▸ **Work instruction**
Give back the full set of entries exactly, keeping each line intact.

※ ※ ※

lemma polynomial_fun_mult:
  assumes "polynomial_fun V f" "polynomial_fun V g"
  shows "polynomial_fun V (\<lambda>x. f x * g x)"
proof -
  obtain S1 c1 where 1: "finite S1" "\<forall>\<alpha>\<in>S1. \<forall>v. v \<notin> V \<longrightarrow> \<alpha> v = 0"
    "\<forall>x. f x = (\<Sum>\<alpha>\<in>S1. c1 \<alpha> * (\<Prod>v\<in>V. x v ^ \<alpha> v))"
    using assms(1) unfolding polynomial_fun_def by blast
  obtain S2 c2 where 2: "finite S2" "\<forall>\<alpha>\<in>S2. \<forall>v. v \<notin> V \<longrightarrow> \<alpha> v = 0"
    "\<forall>x. g x = (\<Sum>\<alpha>\<in>S2. c2 \<alpha> * (\<Prod>v\<in>V. x v ^ \<alpha> v))"
    using assms(2) unfolding polynomial_fun_def by blast
  define plus where "plus = (\<lambda>(\<alpha>::'a \<Rightarrow> nat, \<beta>). (\<lambda>v. \<alpha> v + \<beta> v))"
  define S where "S = plus ` (S1 \<times> S2)"
  define c where "c \<gamma> = (\<Sum>p\<in>{p\<in>S1 \<times> S2. plus p = \<gamma>}. c1 (fst p) * c2 (snd p))" for \<gamma>
  show ?thesis unfolding polynomial_fun_def
  proof (intro exI[of _ S] exI[of _ c] conjI allI)
    fix x :: "'a \<Rightarrow> real"
    let ?X = "\<lambda>\<alpha>. \<Prod>v\<in>V. x v ^ \<alpha> v"
    have X_plus: "?X (plus p) = ?X (fst p) * ?X (snd p)" for p
      by (cases p) (simp add: plus_def power_add prod.distrib)
    have "f x * g x = (\<Sum>p\<in>S1 \<times> S2. c1 (fst p) * c2 (snd p) * ?X (plus p))"
      using 1 2 by (simp add: sum_product sum.cartesian_product X_plus mult_ac case_prod_beta)
    also have "\<dots> = (\<Sum>\<gamma>\<in>S. \<Sum>p\<in>{p\<in>S1 \<times> S2. plus p = \<gamma>}. c1 (fst p) * c2 (snd p) * ?X (plus p))"
      by (rule sum.group[symmetric]) (use 1 2 in \<open>auto simp: S_def\<close>)
    also have "\<dots> = (\<Sum>\<gamma>\<in>S. c \<gamma> * ?X \<gamma>)"
      unfolding c_def sum_distrib_right by (intro sum.cong refl) auto
    finally show "f x * g x = (\<Sum>\<gamma>\<in>S. c \<gamma> * ?X \<gamma>)" .
  qed (use 1 2 in \<open>auto simp: S_def plus_def\<close>)
qed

※ ※ ※

▸ **Response area**
lemma polynomial_fun_mult:
  assumes "polynomial_fun V f" "polynomial_fun V g"
  shows "polynomial_fun V (\<lambda>x. f x * g x)"
proof -
  obtain S1 c1 where 1: "finite S1" "\<forall>\<alpha>\<in>S1. \<forall>v. v \<notin> V \<longrightarrow> \<alpha> v = 0"
    "\<forall>x. f x = (\<Sum>\<alpha>\<in>S1. c1 \<alpha> * (\<Prod>v\<in>V. x v ^ \<alpha> v))"
    using assms(1) unfolding polynomial_fun_def by blast
  obtain S2 c2 where 2: "finite S2" "\<forall>\<alpha>\<in>S2. \<forall>v. v \<notin> V \<longrightarrow> \<alpha> v = 0"
    "\<forall>x. g x = (\<Sum>\<alpha>\<in>S2. c2 \<alpha> * (\<Prod>v\<in>V. x v ^ \<alpha> v))"
    using assms(2) unfolding polynomial_fun_def by blast
  define plus where "plus = (\<lambda>(\<alpha>::'a \<Rightarrow> nat, \<beta>). (\<lambda>v. \<alpha> v + \<beta> v))"
  define S where "S = plus ` (S1 \<times> S2)"
  define c where "c \<gamma> = (\<Sum>p\<in>{p\<in>S1 \<times> S2. plus p = \<gamma>}. c1 (fst p) * c2 (snd p))" for \<gamma>
  show ?thesis unfolding polynomial_fun_def
  proof (intro exI[of _ S] exI[of _ c] conjI allI)
    fix x :: "'a \<Rightarrow> real"
    let ?X = "\<lambda>\<alpha>. \<Prod>v\<in>V. x v ^ \<alpha> v"
    have X_plus: "?X (plus p) = ?X (fst p) * ?X (snd p)" for p
      by (cases p) (simp add: plus_def power_add prod.distrib)
    have "f x * g x = (\<Sum>p\<in>S1 \<times> S2. c1 (fst p) * c2 (snd p) * ?X (plus p))"
      using 1 2 by (simp add: sum_product sum.cartesian_product X_plus mult_ac case_prod_beta)
    also have "\<dots> = (\<Sum>\<gamma>\<in>S. \<Sum>p\<in>{p\<in>S1 \<times> S2. plus p = \<gamma>}. c1 (fst p) * c2 (snd p) * ?X (plus p))"
      by (rule sum.group[symmetric]) (use 1 2 in \<open>auto simp: S_def\<close>)
    also have "\<dots> = (\<Sum>\<gamma>\<in>S. c \<gamma> * ?X \<gamma>)"
      unfolding c_def sum_distrib_right by (intro sum.cong refl) auto
    finally show "f x * g x = (\<Sum>\<gamma>\<in>S. c \<gamma> * ?X \<gamma>)" .
  qed (use 1 2 in \<open>auto simp: S_def plus_def\<close>)
qed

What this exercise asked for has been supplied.